Tyrosine phosphorylation of K_ir3.1 in spinal cord is induced by acute inflammation, chronic neuropathic pain, and behavioral stress

Tyrosine phosphorylation is an important means of regulating ion channel function. Our previous gene expression studies using the Xenopus laevis oocyte system suggested that tyrosine phosphorylation of G-protein-gated inwardly rectifying potassium channels (K_ir3 or GIRK) suppressed basal channel conductance and accelerated channel deactivation.
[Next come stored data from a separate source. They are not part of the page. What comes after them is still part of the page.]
lemma linear_surj_if_range_has_interior:
  fixes f :: "'a::real_vector \<Rightarrow> 'b::euclidean_space"
  assumes "linear f" "interior K \<noteq> {}" "K \<subseteq> range f"
  shows "surj f"
proof -
  have "UNIV = affine hull K" using affine_hull_nonempty_interior[OF assms(2)] by simp
  also have "\<dots> \<subseteq> span K" by (rule affine_hull_subset_span)
  also have "\<dots> \<subseteq> range f"
    by (intro span_minimal assms(3) linear_subspace_image assms(1) subspace_UNIV)
  finally show ?thesis by auto
qed

lemma matpow_sums_solves:
  fixes R :: "real^'n^'n"
  assumes "(\<lambda>k. matpow R k *v y) sums z"
  shows "(mat 1 - R) *v z = y"
proof -
  let ?f = "\<lambda>k. matpow R k *v y"
  have "(\<lambda>k. ?f k - ?f (Suc k)) sums (?f 0 - 0)"
    by (rule telescope_sums') (rule summable_LIMSEQ_zero[OF sums_summable[OF assms]])
  moreover have "(\<lambda>k. ?f k - ?f (Suc k)) = (\<lambda>k. (mat 1 - R) *v ?f k)"
    by (simp add: matrix_diff_rdistrib matrix_vector_mult_diff_rdistrib matrix_vector_mul_assoc)
  moreover have "(\<lambda>k. (mat 1 - R) *v ?f k) sums ((mat 1 - R) *v z)"
    by (rule bounded_linear.sums[OF matrix_vector_mul_bounded_linear assms])
  ultimately show ?thesis by (simp add: sums_unique2)
qed

lemma Neumann_K_nonneg_inverse:
  fixes R :: "real^'n^'n"
  assumes "closed K" "convex_cone K" "interior K \<noteq> {}" "K_nonneg K R"
    and summable: "\<And>y. y \<in> K \<Longrightarrow> summable (\<lambda>k. matpow R k *v y)"
  shows "invertible (mat 1 - R)" "K_nonneg K (matrix_inv (mat 1 - R))"
proof -
  have preimage: "\<exists>z\<in>K. (mat 1 - R) *v z = y" if "y \<in> K" for y
  proof -
    let ?f = "\<lambda>k. matpow R k *v y"
    have sums: "?f sums suminf ?f" using summable[OF that] by (rule summable_sums)
    have partial_sums: "(\<Sum>k<n. ?f k) \<in> K" for n
      using K_nonneg_matpow[OF assms(4)] that
      by (intro convex_cone_sum[OF assms(2)]) (auto simp: K_nonneg_def)
    have "suminf ?f \<in> K"
      by (rule closed_sequentially[OF assms(1) partial_sums sums[unfolded sums_def]])
    then show ?thesis using matpow_sums_solves[OF sums] by blast
  qed
  then have "surj ((*v) (mat 1 - R))"
    by (intro linear_surj_if_range_has_interior[OF _ assms(3)]) auto
  then show inv: "invertible (mat 1 - R)"
    using matrix_right_invertible_surjective invertible_right_inverse by blast
  show "K_nonneg K (matrix_inv (mat 1 - R))"
    unfolding K_nonneg_def
  proof
    fix y assume "y \<in> K"
    then obtain z where "z \<in> K" "(mat 1 - R) *v z = y" using preimage by blast
    then have "matrix_inv (mat 1 - R) *v y = z"
      by (auto simp: matrix_vector_mul_assoc matrix_inv_left inv)
    then show "matrix_inv (mat 1 - R) *v y \<in> K" using \<open>z \<in> K\<close> by simp
  qed
qed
To assess whether similar mechanisms regulate K_ir3 function in mammalian cells, we developed and characterized a phosphoselective antibody recognizing K_ir3.1 phosphorylated at tyrosine 12 in the N-terminal domain and then probed for evidence of K_ir3.1 phosphorylation in cultured mammalian cell and spinal cord. The antibody was found to discriminate between the phospho-Tyr ¹² of K_ir3.1 and the native state in transfected cell lines and in primary cultures of mouse atria. Following either mouse hindpaw formalin injection or sciatic nerve ligation, pY12-K_ir3.1 immunoreactivity was enhanced unilaterally in the superficial layers of the spinal cord dorsal horn, regions previously described as expressing K _ir3.1 channels. Mice lacking K_ir3.1 following targeted gene disruption did not show specific pY12-K_ir3.1 immunoreactivity after sciatic nerve ligation. Further, mice exposed to repeatedly forced swim stress showed bilateral enhancement in pY12-K_ir3.1 in the dorsal horn. This study provides evidence that K_ir3 tyrosine phosphorylation occurred during acute and chronic inflammatory pain and under behavioral stress. The reduction in K_ir3 channel activity is predicted to enhance neuronal excitability under physiologically relevant conditions and may mediate a component of the adaptive physiological response.